JazzTimes

Starting at the End

IMMANUEL WILKINS

Omega

Blue Note

As this review is being written, the streets of America are teeming with people of all races protesting the police killings of George Floyd and Rayshard Brooks and proclaiming that Black Lives Matter. Immanuel Wilkins made Omega before those deaths occurred, but he did not lack for other examples from the nightmare of America’s racial history. Two tracks subtitled “An American Tradition” are “Ferguson” and “Mary Turner.” Turner was eight months pregnant when she was lynched, upside down, in Georgia in 1918.

Such subject matter is a lot to take on for a 22-year-old alto saxophone player. Wilkins is ready. Jason Moran, who produced Omega, says something true: “Immanuel … blends traditions in a way that only his generation knows how to do.” Wilkins is neither straight-ahead nor avant-garde. He operates in a fertile new zone that is both. His lyrical extremity goes back to Charlie Parker and forward to Ornette Coleman and beyond. His chops are electric. His tonal range extends from mellifluous and sensuous to searing and raw, often in the same solo.

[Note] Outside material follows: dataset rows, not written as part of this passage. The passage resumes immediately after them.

(* For every $\delta>0$, $$D(\mathbf c,Q+\delta\,\mathrm{id}_E)\le D(\mathbf c,Q)=\lim_{\delta\downarrow0}D(\mathbf c,Q+\delta\,\mathrm{id}_E).$$ In particular $\delta\mapsto D(\mathbf c,Q+\delta\,\mathrm{id}_E)$ is non-increasing on $[0,\infty)$ and right-continuous at $0$. The same statements hold with $D$ replaced by $D_g$ or by $D_s$.
   Context: Let $E_i=\mathbb{R}^{d_i}$, $E=\bigoplus_{i=1}^n E_i$, $\pi_i:E\to E_i$ the coordinate projection. Fix a symmetric linear map $Q$ on $E$ and positive reals $\mathbf c=(c_i)_{i=1}^n$. $\mathcal P(E_i)$: Borel probability measures on $E_i$ absolutely continuous w.r.t. Lebesgue with finite second moments; $h(\mu_i)=-\int\rho_i\log\rho_i$ for density $\rho_i$. $\Pi(\mu_1,\dots,\mu_n)$: probability measures $\mu$ on $E$ with $\pi_i\sharp\mu=\mu_i$. Inequality $(\star)$: $\sum_i c_ih(\mu_i)\le\sup_{\mu\in\Pi(\mu_1,\dots,\mu_n)}\int_E\langle x,Qx\rangle d\mu+D$. $D(\mathbf c,Q)$, $D_g(\mathbf c,Q)$, $D_s(\mathbf c,Q)\in\mathbb R\cup\{+\infty\}$ are the smallest constants $D$ for which $(\star)$ holds for all centered $\mu_i\in\mathcal P(E_i)$, for all centered nondegenerate Gaussian $\mu_i$, and for all symmetric $\mu_i\in\mathcal P(E_i)$ (i.e. $\mu_i(B)=\mu_i(-B)$ for Borel $B$), respectively. *)

theory Defs
  imports "HOL-Probability.Probability"
begin

text \<open>The block space E_i = R^(d i) is modelled as the product
  measure space Eb d i = PiM {..<d i} (\<lambda>_. lborel) (Lebesgue measure on R^(d i)),
  the total space E = (+)_{i<n} E_i as Etot d n = PiM {..<n} (\<lambda>i. Eb d i);
  the coordinate projection pi_i is (\<lambda>x. x i).  A linear map on E is given by its
  matrix Q indexed by pairs (block i, coordinate a), with a < d i.\<close>

definition Eb :: "(nat \<Rightarrow> nat) \<Rightarrow> nat \<Rightarrow> (nat \<Rightarrow> real) measure" where
  "Eb d i = PiM {..<d i} (\<lambda>_. lborel)"

definition Etot :: "(nat \<Rightarrow> nat) \<Rightarrow> nat \<Rightarrow> (nat \<Rightarrow> nat \<Rightarrow> real) measure" where
  "Etot d n = PiM {..<n} (\<lambda>i. Eb d i)"

definition quad :: "(nat \<Rightarrow> nat) \<Rightarrow> nat \<Rightarrow> (nat \<times> nat \<Rightarrow> nat \<times> nat \<Rightarrow> real)
    \<Rightarrow> (nat \<Rightarrow> nat \<Rightarrow> real) \<Rightarrow> real" where
  "quad d n Q x = (\<Sum>i<n. \<Sum>a<d i. \<Sum>j<n. \<Sum>b<d j. x i a * Q (i,a) (j,b) * x j b)"

definition symmetric_map :: "(nat \<Rightarrow> nat) \<Rightarrow> nat \<Rightarrow> (nat \<times> nat \<Rightarrow> nat \<times> nat \<Rightarrow> real) \<Rightarrow> bool" where
  "symmetric_map d n Q \<longleftrightarrow> (\<forall>i<n. \<forall>a<d i. \<forall>j<n. \<forall>b<d j. Q (i,a) (j,b) = Q (j,b) (i,a))"

definition shift_id :: "(nat \<times> nat \<Rightarrow> nat \<times> nat \<Rightarrow> real) \<Rightarrow> real \<Rightarrow> (nat \<times> nat \<Rightarrow> nat \<times> nat \<Rightarrow> real)" where
  "shift_id Q \<delta> = (\<lambda>p q. Q p q + (if p = q then \<delta> else 0))"

text \<open>Differential entropy h(mu) = - \<integral> rho log rho, with rho the Lebesgue density,
  as an extended real (positive part minus negative part of -rho log rho).\<close>
definition entropy_h :: "(nat \<Rightarrow> nat) \<Rightarrow> nat \<Rightarrow> (nat \<Rightarrow> real) measure \<Rightarrow> ereal" where
  "entropy_h d i \<mu> =
     (let \<rho> = (\<lambda>x. enn2real (RN_deriv (Eb d i) \<mu> x)) in
      enn2ereal (\<integral>\<^sup>+ x. ennreal (\<rho> x * max 0 (- ln (\<rho> x))) \<partial>Eb d i)
      - enn2ereal (\<integral>\<^sup>+ x. ennreal (\<rho> x * max 0 (ln (\<rho> x))) \<partial>Eb d i))"

definition in_P :: "(nat \<Rightarrow> nat) \<Rightarrow> nat \<Rightarrow> (nat \<Rightarrow> real) measure \<Rightarrow> bool" where
  "in_P d i \<mu> \<longleftrightarrow> sets \<mu> = sets (Eb d i) \<and> prob_space \<mu> \<and> absolutely_continuous (Eb d i) \<mu>
     \<and> (\<integral>\<^sup>+ x. ennreal (\<Sum>a<d i. (x a)\<^sup>2) \<partial>\<mu>) < \<infinity>"

definition centered :: "(nat \<Rightarrow> nat) \<Rightarrow> nat \<Rightarrow> (nat \<Rightarrow> real) measure \<Rightarrow> bool" where
  "centered d i \<mu> \<longleftrightarrow> (\<forall>a<d i. (\<integral>x. x a \<partial>\<mu>) = 0)"

definition symmetric_meas :: "(nat \<Rightarrow> nat) \<Rightarrow> nat \<Rightarrow> (nat \<Rightarrow> real) measure \<Rightarrow> bool" where
  "symmetric_meas d i \<mu> \<longleftrightarrow>
     (\<forall>B\<in>sets (Eb d i). emeasure \<mu> B = emeasure \<mu> ((\<lambda>x. \<lambda>a\<in>{..<d i}. - x a) ` B))"

definition std_gauss :: "(nat \<Rightarrow> nat) \<Rightarrow> nat \<Rightarrow> (nat \<Rightarrow> real) measure" where
  "std_gauss d i = PiM {..<d i} (\<lambda>_. density lborel std_normal_density)"

definition centered_nondeg_gaussian :: "(nat \<Rightarrow> nat) \<Rightarrow> nat \<Rightarrow> (nat \<Rightarrow> real) measure \<Rightarrow> bool" where
  "centered_nondeg_gaussian d i \<mu> \<longleftrightarrow>
     (\<exists>L L' :: nat \<Rightarrow> nat \<Rightarrow> real.
        (\<forall>a<d i. \<forall>b<d i. (\<Sum>k<d i. L a k * L' k b) = (if a = b then 1 else 0)) \<and>
        \<mu> = distr (std_gauss d i) (Eb d i) (\<lambda>x. \<lambda>a\<in>{..<d i}. \<Sum>b<d i. L a b * x b))"

definition couplings :: "(nat \<Rightarrow> nat) \<Rightarrow> nat \<Rightarrow> (nat \<Rightarrow> (nat \<Rightarrow> real) measure)
    \<Rightarrow> (nat \<Rightarrow> nat \<Rightarrow> real) measure set" where
  "couplings d n M = {\<mu>. sets \<mu> = sets (Etot d n) \<and> prob_space \<mu> \<and>
       (\<forall>i<n. distr \<mu> (Eb d i) (\<lambda>x. x i) = M i)}"

definition D_gen :: "((nat \<Rightarrow> nat) \<Rightarrow> nat \<Rightarrow> (nat \<Rightarrow> real) measure \<Rightarrow> bool)
    \<Rightarrow> (nat \<Rightarrow> nat) \<Rightarrow> nat \<Rightarrow> (nat \<Rightarrow> real) \<Rightarrow> (nat \<times> nat \<Rightarrow> nat \<times> nat \<Rightarrow> real) \<Rightarrow> ereal" where
  "D_gen cls d n c Q = Inf (ereal ` {D::real. \<forall>M. (\<forall>i<n. cls d i (M i)) \<longrightarrow>
       (\<Sum>i<n. ereal (c i) * entropy_h d i (M i))
         \<le> (SUP \<mu>\<in>couplings d n M. ereal (\<integral>x. quad d n Q x \<partial>\<mu>)) + ereal D})"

The track for Mary Turner is a remarkable act of the imagination. In four minutes, Wilkins portrays the atrocity with almost unbearable vividness, from Turner’s attempts to escape (in circling saxophone figures) to her terror (in louder saxophone calls over threatening drums) to the death throes of Turner and her unborn child (in hoarse saxophone screams and violent ensemble eruptions).

All of Omega’s rich material was written by Wilkins; his pieces are carefully ordered but contain openings for spontaneous rampant invention. The album’s centerpiece is a four-part suite. “The Key,” “Saudade,” “Eulogy,” and “Guarded Heart” move across many modes of emotion, from rapt through-composed contemplations to wild celebrations to graceful melodic unfoldings to jolts of passion.

Wilkins’ impressive young collaborators are pianist Micah Thomas, bassist Daryl Johns, and drummer Kweku Sumbry. Remember their names.

Omega is the most important debut jazz recording in years. THOMAS CONRAD

BRAD MEHLDAU

Suite: April 2020

Nonesuch

When the novel coronavirus pandemic swept Europe, Brad Mehldau and his family sheltered in place at his home in the Netherlands. A month of lockdown later, he had watched the virus ravage the world, killing hundreds of thousands and putting thousands of his colleagues out of work as concerts and club dates were canceled and tours were postponed until … well, until who knew (or in fact, three months later, knows) when. At this point, many musicians took to social media platforms and online concerts to stay sharp. Mehldau composed a suite, April 2020, which he recorded in a solo piano setting for Nonesuch and released in special-edition signed vinyl copies, with proceeds going to the COVID-19 Musicians Fund.

The suite is a 12-part, 31-minute work that offers mostly muted, introspective music. It is perhaps a reflection of his place of shelter; had he been in America, it’s likely that he might have raged more at the incompetence of political leaders. Titles like “Waking Up,” “Stepping Outside,” and “The Day Moves By” suggest a narrative movement through the sense of confusion of this moment. Others like “Keeping Distance,” “Remembering Before All This,” and “Yearning” reflect the specifics of the crisis. The plaintive, wary mood is broken by soulful overtones of “Family Harmony.” To round out the recording, Mehldau included three covers, Neil Young’s “Don’t Let It Bring You Down,” Billy Joel’s “New York State of Mind,” and the Jerome Kern/B.G. DeSylva chestnut “Look for the Silver Lining,” each putting a hopeful coda on music that in its own subdued way captures the dismay, horror, and uneasy trust of life during this cataclysm. MARTIN JOHNSON

DAVID TORN/TIM BERNE/CHES SMITH

Sun of Goldfinger (Congratulations to You)

Screwgun

It’s too bad the name Ten Years After was already taken by guitarist Alvin Lee and his Woodstock-era rock trio, because it would’ve fit Sun of Goldfinger (guitarist David Torn, saxophonist Tim Berne, drummer Ches Smith) to a tee. That trio’s self-released, digital-only new live effort was primarily recorded at features only three extended tracks.